We were together for six months, the first important relationship of adult life for both of us. And if I went into a tailspin for awhile after we broke up, it wasn't her fault. The fact is, every significant relationship in our lives builds on the foundation of the ones that went before.

It's strange for me to think that all that started 44 years ago. I'm 64, not 20, and she just celebrated her 31st birthday for the second time (do the math). She's successful and important, while I'm retired and mostly happy.

I've seen her once since 1970, a two-minute encounter at the Democratic Convention in 2000 in Los Angeles. We both looked a lot different. She looked better.

The world has changed so much. Forty years ago, when people broke up and went their separate ways, it was rare that either learned how things worked out for the other one. These days, with Facebook and all sorts of other social media, we find ourselves connected to people we never thought we would ever see again.

It's nice.
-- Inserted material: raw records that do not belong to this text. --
(* There exist universal positive constants $c$ and $c_6$ such that, in the setting of the context, whenever $n\ge c_6$: almost surely for every realization of $\widetilde{\mathbf C}$, with probability at least $1-\frac2n$ over the randomness in $(\mathbf z_t,\mathbf y_t)$, $$\widetilde{\mathbf y}_t^\top\widetilde{\mathbf C}\,\widetilde{\mathbf y}_t\le 2\Big(1+\frac1c\Big)\big(1+\mathsf{SU}_b(t)^2\big)\,\mathrm{tr}(\widetilde{\mathbf C})\,\ln n.$$
   Context: Setting: $d\ge n$, $\lambda_1,\dots,\lambda_d>0$; $\mathbf z_1,\dots,\mathbf z_d$ i.i.d. $\mathcal N(\mathbf0,\mathbf I_n)$; $\boldsymbol\Phi_{\mathsf{train}}=[\sqrt{\lambda_1}\mathbf z_1,\dots,\sqrt{\lambda_d}\mathbf z_d]$; $\mathbf A=\sum_j\lambda_j\mathbf z_j\mathbf z_j^\top$, $\mathbf A_{-t}=\sum_{j\ne t}\lambda_j\mathbf z_j\mathbf z_j^\top$ for a fixed index $t$. Labels $\mathbf y_t\in\{\pm1\}^n$ with $y_{t,i}=\mathrm{sgn}(z_{t,i})$ w.p. $1-\nu^*$ and $-\mathrm{sgn}(z_{t,i})$ w.p. $\nu^*$ independently ($0\le\nu^*<1/2$). $\widehat{\boldsymbol\alpha}_{2,\mathsf{binary}}=\boldsymbol\Phi_{\mathsf{train}}^\top\mathbf A^{-1}\mathbf y_t$ (minimum-norm interpolator of $\mathbf y_t$), $\mathsf{SU}_b(t)=\sqrt{\lambda_t}(\widehat{\boldsymbol\alpha}_{2,\mathsf{binary}})_t$, $\widetilde{\mathbf y}_t=\mathbf y_t-\mathsf{SU}_b(t)\mathbf z_t$, and $\widetilde{\mathbf C}=\mathbf A_{-t}^{-1}\big(\sum_{j\ne t}\lambda_j^2\mathbf z_j\mathbf z_j^\top\big)\mathbf A_{-t}^{-1}$ (independent of $(\mathbf z_t,\mathbf y_t)$). *)

theory Defs
  imports "HOL-Probability.Probability" "Jordan_Normal_Form.Gauss_Jordan_Elimination"
begin

text \<open>Vectors in R^n are represented by functions nat => real (entries 0..<n);
  the Gaussian vectors z_j are indexed by j < d.\<close>

definition std_normal_measure :: "real measure" where
  "std_normal_measure = density lborel std_normal_density"

definition gauss_vec :: "nat \<Rightarrow> (nat \<Rightarrow> real) measure" where
  "gauss_vec n = PiM {..<n} (\<lambda>_. std_normal_measure)"

definition others_measure :: "nat \<Rightarrow> nat \<Rightarrow> nat \<Rightarrow> (nat \<Rightarrow> nat \<Rightarrow> real) measure" where
  "others_measure n d t = PiM ({..<d} - {t}) (\<lambda>_. gauss_vec n)"

definition flip_measure :: "nat \<Rightarrow> real \<Rightarrow> (nat \<Rightarrow> bool) measure" where
  "flip_measure n \<nu> = PiM {..<n} (\<lambda>_. measure_pmf (bernoulli_pmf \<nu>))"

text \<open>Joint law of (z_t, flips), which determines (z_t, y_t).\<close>
definition zt_y_measure :: "nat \<Rightarrow> real \<Rightarrow> ((nat \<Rightarrow> real) \<times> (nat \<Rightarrow> bool)) measure" where
  "zt_y_measure n \<nu> = gauss_vec n \<Otimes>\<^sub>M flip_measure n \<nu>"

definition labels :: "(nat \<Rightarrow> real) \<Rightarrow> (nat \<Rightarrow> bool) \<Rightarrow> nat \<Rightarrow> real" where
  "labels zt fl i = (if fl i then - sgn (zt i) else sgn (zt i))"

definition full_z :: "nat \<Rightarrow> (nat \<Rightarrow> nat \<Rightarrow> real) \<Rightarrow> (nat \<Rightarrow> real) \<Rightarrow> nat \<Rightarrow> nat \<Rightarrow> real" where
  "full_z t zs zt j = (if j = t then zt else zs j)"

definition wgram :: "nat \<Rightarrow> nat set \<Rightarrow> (nat \<Rightarrow> real) \<Rightarrow> (nat \<Rightarrow> nat \<Rightarrow> real) \<Rightarrow> real mat" where
  "wgram n J w z = mat n n (\<lambda>(i,k). \<Sum>j\<in>J. w j * z j i * z j k)"

definition minv :: "real mat \<Rightarrow> real mat" where
  "minv M = the (mat_inverse M)"

definition mtrace :: "real mat \<Rightarrow> real" where
  "mtrace M = (\<Sum>i<dim_row M. M $$ (i,i))"

definition Amat :: "nat \<Rightarrow> nat \<Rightarrow> (nat \<Rightarrow> real) \<Rightarrow> (nat \<Rightarrow> nat \<Rightarrow> real) \<Rightarrow> real mat" where
  "Amat n d lam z = wgram n {..<d} lam z"

definition Amat_minus :: "nat \<Rightarrow> nat \<Rightarrow> nat \<Rightarrow> (nat \<Rightarrow> real) \<Rightarrow> (nat \<Rightarrow> nat \<Rightarrow> real) \<Rightarrow> real mat" where
  "Amat_minus n d t lam z = wgram n ({..<d} - {t}) lam z"

definition Ctilde :: "nat \<Rightarrow> nat \<Rightarrow> nat \<Rightarrow> (nat \<Rightarrow> real) \<Rightarrow> (nat \<Rightarrow> nat \<Rightarrow> real) \<Rightarrow> real mat" where
  "Ctilde n d t lam z =
     minv (Amat_minus n d t lam z) * wgram n ({..<d} - {t}) (\<lambda>j. (lam j)\<^sup>2) z
       * minv (Amat_minus n d t lam z)"

text \<open>alpha = Phi^T A^{-1} y, so alpha_j = sqrt(lambda_j) z_j^T A^{-1} y and
  SU_b(t) = sqrt(lambda_t) alpha_t = lambda_t z_t^T A^{-1} y.\<close>
definition alpha_hat :: "nat \<Rightarrow> nat \<Rightarrow> (nat \<Rightarrow> real) \<Rightarrow> (nat \<Rightarrow> nat \<Rightarrow> real) \<Rightarrow> (nat \<Rightarrow> real) \<Rightarrow> nat \<Rightarrow> real" where
  "alpha_hat n d lam z y j = sqrt (lam j) * (vec n (z j) \<bullet> (minv (Amat n d lam z) *\<^sub>v vec n y))"

definition SU_b :: "nat \<Rightarrow> nat \<Rightarrow> nat \<Rightarrow> (nat \<Rightarrow> real) \<Rightarrow> (nat \<Rightarrow> nat \<Rightarrow> real) \<Rightarrow> (nat \<Rightarrow> real) \<Rightarrow> real" where
  "SU_b n d t lam z y = sqrt (lam t) * alpha_hat n d lam z y t"

definition ytilde :: "nat \<Rightarrow> nat \<Rightarrow> nat \<Rightarrow> (nat \<Rightarrow> real) \<Rightarrow> (nat \<Rightarrow> nat \<Rightarrow> real) \<Rightarrow> (nat \<Rightarrow> real) \<Rightarrow> real vec" where
  "ytilde n d t lam z y = vec n y - SU_b n d t lam z y \<cdot>\<^sub>v vec n (z t)"

end

theory Submission
  imports Defs "Jordan_Normal_Form.Determinant"
begin

text \<open>Fix the vectors \<open>z\<^sub>j\<close>, \<open>j \<noteq> t\<close>. Almost surely they span \<open>\<real>\<^sup>n\<close>:
  the determinant of any \<open>n\<close> of them is a nonzero polynomial that is affine in each Gaussian
  vector separately, so it vanishes only on a null set. Then \<open>A\<^sub>-\<^sub>t\<close> is invertible and
  \<open>C\<close> is a Gram matrix: \<open>x\<^sup>T C x = \<Sum>\<^sub>j (w\<^sub>j \<bullet> x)\<^sup>2\<close> with
  \<open>w\<^sub>j = \<lambda>\<^sub>j A\<^sub>-\<^sub>t\<^sup>-\<^sup>1 z\<^sub>j\<close> and \<open>tr C = \<Sum>\<^sub>j |w\<^sub>j|\<^sup>2\<close>.
  As \<open>\<tilde>y = y\<^sub>t - SU z\<^sub>t\<close>, the inequality \<open>(a - s b)\<^sup>2 \<le> 2 a\<^sup>2 + 2 s\<^sup>2 b\<^sup>2\<close> reduces the claim
  (with \<open>c = 1/7\<close>, so that \<open>2 (1 + 1/c) = 16\<close>) to the two bounds
  \<open>y\<^sup>T C y \<le> 8 tr C ln n\<close> and \<open>z\<^sup>T C z \<le> 8 tr C ln n\<close>, each failing with probability at
  most \<open>1/n\<close>. Both \<open>z\<^sub>t\<close> and, for fixed flips, \<open>y\<^sub>t\<close> have independent sub-Gaussian
  coordinates. For such a vector \<open>Y\<close>, integrating against an independent Gaussian gives
  \<open>E exp ((w \<bullet> Y)\<^sup>2 / (4 |w|\<^sup>2)) \<le> \<surd>2\<close>, Jensen's inequality over \<open>j\<close> gives
  \<open>E exp (Y\<^sup>T C Y / (4 tr C)) \<le> \<surd>2\<close>, and Markov's inequality bounds the tail by
  \<open>\<surd>2 / n\<^sup>2 \<le> 1 / n\<close>.\<close>

section \<open>Gaussian integrals\<close>

lemma prob_space_std_normal: "prob_space std_normal_measure"
  unfolding std_normal_measure_def by (rule prob_space_normal_density) simp

lemma space_std_normal[simp]: "space std_normal_measure = UNIV"
  unfolding std_normal_measure_def by simp

lemma sets_std_normal[simp, measurable_cong]: "sets std_normal_measure = sets borel"
  unfolding std_normal_measure_def by simp

lemma nn_integral_normal_density:
  assumes "\<sigma> > 0"
  shows "(\<integral>\<^sup>+x. ennreal (normal_density \<mu> \<sigma> x) \<partial>lborel) = 1"
proof -
  interpret prob_space "density lborel (normal_density \<mu> \<sigma>)"
    by (rule prob_space_normal_density) fact
  show ?thesis using emeasure_space_1 by (simp add: emeasure_density)
qed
It's like walking out of a movie halfway through and finding out years later how it ended.

***

My baseball collection keeps growing, and I have had the opportunity to pick up some unusual ones.

The real challenge is to find signatures of older players at good prices, and old signatures are the best. Most of the older players I've managed to acquire signed the balls at autograph shows as older men. One ball I landed recently was my first from a player whose career started in the 1920s. Bill Terry started with the New York Giants in 1923, and in 1930 he became the last National Leaguer to hit .400.

Gates Brown
One that meant more to me, though, was finding a ball signed by Gates Brown.

Brown is best known as the most successful pinch-hitter in American League history. His entire career was spent with the Detroit Tigers, and he was part of their World Series-winning team in 1968.

But what he meant to me was that he was the only major league ballplayer from Crestline, Ohio, the little town where my grandparents lived. As a young boy, Brown had earned money shining shoes, and he often came into the police station where my grandfather was chief and shined his shoes.

My grandfather was so proud of him, and when he introduced me to him before a game at Cleveland's Municipal Stadium, I remember Brown saying, "Hi, Chief. How have you been?"

My grandfather died in 1985, and I hadn't thought about Brown in many years. He died three months ago in Detroit at the age of 74. He had lived his entire life there after baseball, but I was pleased to see that he was buried back in Crestline, the town where he grew up.